- [TASK] Look through the material below and show every line with the word "longleftrightarrow".

- [DATA]
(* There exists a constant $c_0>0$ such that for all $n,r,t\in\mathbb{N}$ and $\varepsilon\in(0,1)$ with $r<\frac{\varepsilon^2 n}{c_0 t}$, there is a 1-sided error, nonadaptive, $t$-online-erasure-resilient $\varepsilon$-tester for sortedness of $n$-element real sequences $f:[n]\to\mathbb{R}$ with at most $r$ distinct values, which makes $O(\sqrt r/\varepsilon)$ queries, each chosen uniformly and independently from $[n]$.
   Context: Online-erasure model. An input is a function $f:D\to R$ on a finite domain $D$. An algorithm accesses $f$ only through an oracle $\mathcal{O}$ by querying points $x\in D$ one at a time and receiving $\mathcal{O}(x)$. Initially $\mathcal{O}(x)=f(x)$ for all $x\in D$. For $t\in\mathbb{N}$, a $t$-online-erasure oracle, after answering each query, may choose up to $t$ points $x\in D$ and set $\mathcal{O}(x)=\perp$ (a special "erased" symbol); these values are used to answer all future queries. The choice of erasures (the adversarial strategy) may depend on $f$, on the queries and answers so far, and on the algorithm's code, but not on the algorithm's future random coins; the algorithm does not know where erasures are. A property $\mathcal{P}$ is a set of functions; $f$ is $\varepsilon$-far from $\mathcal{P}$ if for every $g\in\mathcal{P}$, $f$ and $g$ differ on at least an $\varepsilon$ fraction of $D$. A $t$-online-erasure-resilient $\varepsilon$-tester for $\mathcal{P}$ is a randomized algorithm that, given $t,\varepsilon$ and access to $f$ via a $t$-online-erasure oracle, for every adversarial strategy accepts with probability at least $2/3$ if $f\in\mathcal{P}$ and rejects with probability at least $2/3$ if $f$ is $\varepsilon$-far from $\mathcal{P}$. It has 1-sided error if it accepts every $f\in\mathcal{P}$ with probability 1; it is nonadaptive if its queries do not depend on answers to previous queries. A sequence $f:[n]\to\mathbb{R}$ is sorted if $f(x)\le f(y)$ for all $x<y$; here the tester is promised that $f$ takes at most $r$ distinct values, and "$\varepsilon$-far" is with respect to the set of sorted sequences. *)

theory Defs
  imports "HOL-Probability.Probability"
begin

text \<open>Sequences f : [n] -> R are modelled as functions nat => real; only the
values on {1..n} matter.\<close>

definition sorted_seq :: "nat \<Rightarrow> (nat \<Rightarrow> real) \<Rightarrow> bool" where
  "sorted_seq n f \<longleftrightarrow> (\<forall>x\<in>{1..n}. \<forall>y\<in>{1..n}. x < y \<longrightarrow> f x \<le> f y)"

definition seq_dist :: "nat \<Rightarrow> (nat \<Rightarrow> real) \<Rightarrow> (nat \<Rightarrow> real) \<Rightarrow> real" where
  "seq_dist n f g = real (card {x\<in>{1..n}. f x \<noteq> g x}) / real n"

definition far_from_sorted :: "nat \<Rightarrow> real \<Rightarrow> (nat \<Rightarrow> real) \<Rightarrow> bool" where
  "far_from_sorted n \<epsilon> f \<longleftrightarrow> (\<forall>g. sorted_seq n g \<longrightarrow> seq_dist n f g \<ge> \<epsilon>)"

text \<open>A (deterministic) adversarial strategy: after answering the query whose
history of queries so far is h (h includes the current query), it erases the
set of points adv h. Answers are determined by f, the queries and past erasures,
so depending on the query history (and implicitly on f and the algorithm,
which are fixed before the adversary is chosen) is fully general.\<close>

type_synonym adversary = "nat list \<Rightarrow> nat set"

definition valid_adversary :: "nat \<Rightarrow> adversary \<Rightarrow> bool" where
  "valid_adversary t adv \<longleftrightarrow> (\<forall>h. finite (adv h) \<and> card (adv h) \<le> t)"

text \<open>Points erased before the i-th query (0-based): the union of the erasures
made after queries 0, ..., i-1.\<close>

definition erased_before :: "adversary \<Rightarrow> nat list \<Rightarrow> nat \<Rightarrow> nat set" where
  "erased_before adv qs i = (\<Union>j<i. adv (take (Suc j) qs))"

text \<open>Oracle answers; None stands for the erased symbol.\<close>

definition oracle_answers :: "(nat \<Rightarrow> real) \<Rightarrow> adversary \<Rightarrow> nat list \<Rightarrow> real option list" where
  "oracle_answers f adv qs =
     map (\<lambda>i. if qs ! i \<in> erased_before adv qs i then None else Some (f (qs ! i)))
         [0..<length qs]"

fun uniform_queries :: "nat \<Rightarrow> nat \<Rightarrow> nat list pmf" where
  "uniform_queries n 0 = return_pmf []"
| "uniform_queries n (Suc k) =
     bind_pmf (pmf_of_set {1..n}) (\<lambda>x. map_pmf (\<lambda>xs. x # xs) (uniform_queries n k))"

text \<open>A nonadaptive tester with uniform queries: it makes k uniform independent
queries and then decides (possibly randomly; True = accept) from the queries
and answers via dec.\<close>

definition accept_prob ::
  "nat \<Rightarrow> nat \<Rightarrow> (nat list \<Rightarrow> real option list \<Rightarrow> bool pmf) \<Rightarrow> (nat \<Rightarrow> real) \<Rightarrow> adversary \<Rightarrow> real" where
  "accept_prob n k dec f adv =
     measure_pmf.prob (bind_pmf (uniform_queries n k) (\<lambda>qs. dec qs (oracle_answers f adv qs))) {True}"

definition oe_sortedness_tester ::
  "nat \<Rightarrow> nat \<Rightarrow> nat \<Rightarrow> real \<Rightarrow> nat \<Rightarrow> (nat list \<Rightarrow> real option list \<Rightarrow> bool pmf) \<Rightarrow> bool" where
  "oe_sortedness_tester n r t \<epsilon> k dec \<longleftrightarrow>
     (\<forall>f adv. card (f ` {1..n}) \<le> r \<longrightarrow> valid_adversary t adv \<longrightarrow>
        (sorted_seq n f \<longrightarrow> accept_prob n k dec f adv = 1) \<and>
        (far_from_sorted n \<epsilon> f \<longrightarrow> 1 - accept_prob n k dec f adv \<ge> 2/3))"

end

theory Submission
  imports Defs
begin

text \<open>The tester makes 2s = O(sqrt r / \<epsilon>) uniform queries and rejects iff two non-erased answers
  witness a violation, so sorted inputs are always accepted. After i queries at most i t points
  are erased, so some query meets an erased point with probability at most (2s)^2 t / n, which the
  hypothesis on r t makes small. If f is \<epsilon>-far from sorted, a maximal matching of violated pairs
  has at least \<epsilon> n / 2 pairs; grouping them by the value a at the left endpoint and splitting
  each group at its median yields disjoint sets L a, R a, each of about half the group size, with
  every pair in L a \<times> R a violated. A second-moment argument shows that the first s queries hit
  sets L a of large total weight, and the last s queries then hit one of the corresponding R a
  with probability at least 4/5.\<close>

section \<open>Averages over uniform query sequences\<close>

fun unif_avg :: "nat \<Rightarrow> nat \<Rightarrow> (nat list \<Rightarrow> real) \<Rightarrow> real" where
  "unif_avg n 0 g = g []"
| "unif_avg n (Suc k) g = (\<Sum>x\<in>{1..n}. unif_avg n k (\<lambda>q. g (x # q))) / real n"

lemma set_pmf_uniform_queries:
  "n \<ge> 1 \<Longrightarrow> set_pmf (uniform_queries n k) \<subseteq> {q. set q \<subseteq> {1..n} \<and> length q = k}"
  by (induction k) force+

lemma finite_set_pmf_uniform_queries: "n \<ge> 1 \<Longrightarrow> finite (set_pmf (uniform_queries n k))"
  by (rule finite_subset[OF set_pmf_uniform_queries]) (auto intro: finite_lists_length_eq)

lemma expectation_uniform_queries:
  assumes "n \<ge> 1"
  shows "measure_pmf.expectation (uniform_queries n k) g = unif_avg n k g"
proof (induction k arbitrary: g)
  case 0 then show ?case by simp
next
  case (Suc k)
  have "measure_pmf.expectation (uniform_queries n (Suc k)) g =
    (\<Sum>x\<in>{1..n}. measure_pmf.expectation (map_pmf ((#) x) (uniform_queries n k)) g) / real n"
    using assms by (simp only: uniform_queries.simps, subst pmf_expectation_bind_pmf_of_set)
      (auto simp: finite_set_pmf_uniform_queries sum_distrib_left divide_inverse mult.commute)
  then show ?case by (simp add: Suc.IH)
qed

...

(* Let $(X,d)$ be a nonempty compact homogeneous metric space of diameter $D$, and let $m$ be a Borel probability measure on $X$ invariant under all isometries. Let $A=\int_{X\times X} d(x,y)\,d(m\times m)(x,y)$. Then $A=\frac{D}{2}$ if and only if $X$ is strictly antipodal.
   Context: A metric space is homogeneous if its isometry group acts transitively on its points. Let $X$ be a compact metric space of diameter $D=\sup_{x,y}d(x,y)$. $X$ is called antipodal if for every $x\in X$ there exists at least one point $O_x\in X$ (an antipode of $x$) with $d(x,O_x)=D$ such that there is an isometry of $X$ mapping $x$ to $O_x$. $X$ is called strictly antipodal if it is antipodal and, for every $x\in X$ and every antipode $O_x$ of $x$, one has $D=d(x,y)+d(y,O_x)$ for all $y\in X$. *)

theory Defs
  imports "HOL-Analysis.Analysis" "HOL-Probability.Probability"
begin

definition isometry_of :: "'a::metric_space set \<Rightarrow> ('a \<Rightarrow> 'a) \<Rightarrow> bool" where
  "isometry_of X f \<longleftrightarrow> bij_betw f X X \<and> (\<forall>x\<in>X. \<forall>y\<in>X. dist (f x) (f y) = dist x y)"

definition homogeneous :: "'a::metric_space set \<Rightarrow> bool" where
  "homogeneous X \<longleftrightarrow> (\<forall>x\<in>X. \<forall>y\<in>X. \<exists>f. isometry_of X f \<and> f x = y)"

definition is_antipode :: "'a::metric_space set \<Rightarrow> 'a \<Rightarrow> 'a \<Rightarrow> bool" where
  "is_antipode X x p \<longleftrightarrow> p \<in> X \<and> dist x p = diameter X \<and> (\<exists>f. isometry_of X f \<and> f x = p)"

- [ANSWER BOX]
  "sorted_seq n f \<longleftrightarrow> (\<forall>x\<in>{1..n}. \<forall>y\<in>{1..n}. x < y \<longrightarrow> f x \<le> f y)"
  "far_from_sorted n \<epsilon> f \<longleftrightarrow> (\<forall>g. sorted_seq n g \<longrightarrow> seq_dist n f g \<ge> \<epsilon>)"
  "valid_adversary t adv \<longleftrightarrow> (\<forall>h. finite (adv h) \<and> card (adv h) \<le> t)"
  "oe_sortedness_tester n r t \<epsilon> k dec \<longleftrightarrow>
  "isometry_of X f \<longleftrightarrow> bij_betw f X X \<and> (\<forall>x\<in>X. \<forall>y\<in>X. dist (f x) (f y) = dist x y)"
  "homogeneous X \<longleftrightarrow> (\<forall>x\<in>X. \<forall>y\<in>X. \<exists>f. isometry_of X f \<and> f x = y)"
  "is_antipode X x p \<longleftrightarrow> p \<in> X \<and> dist x p = diameter X \<and> (\<exists>f. isometry_of X f \<and> f x = p)"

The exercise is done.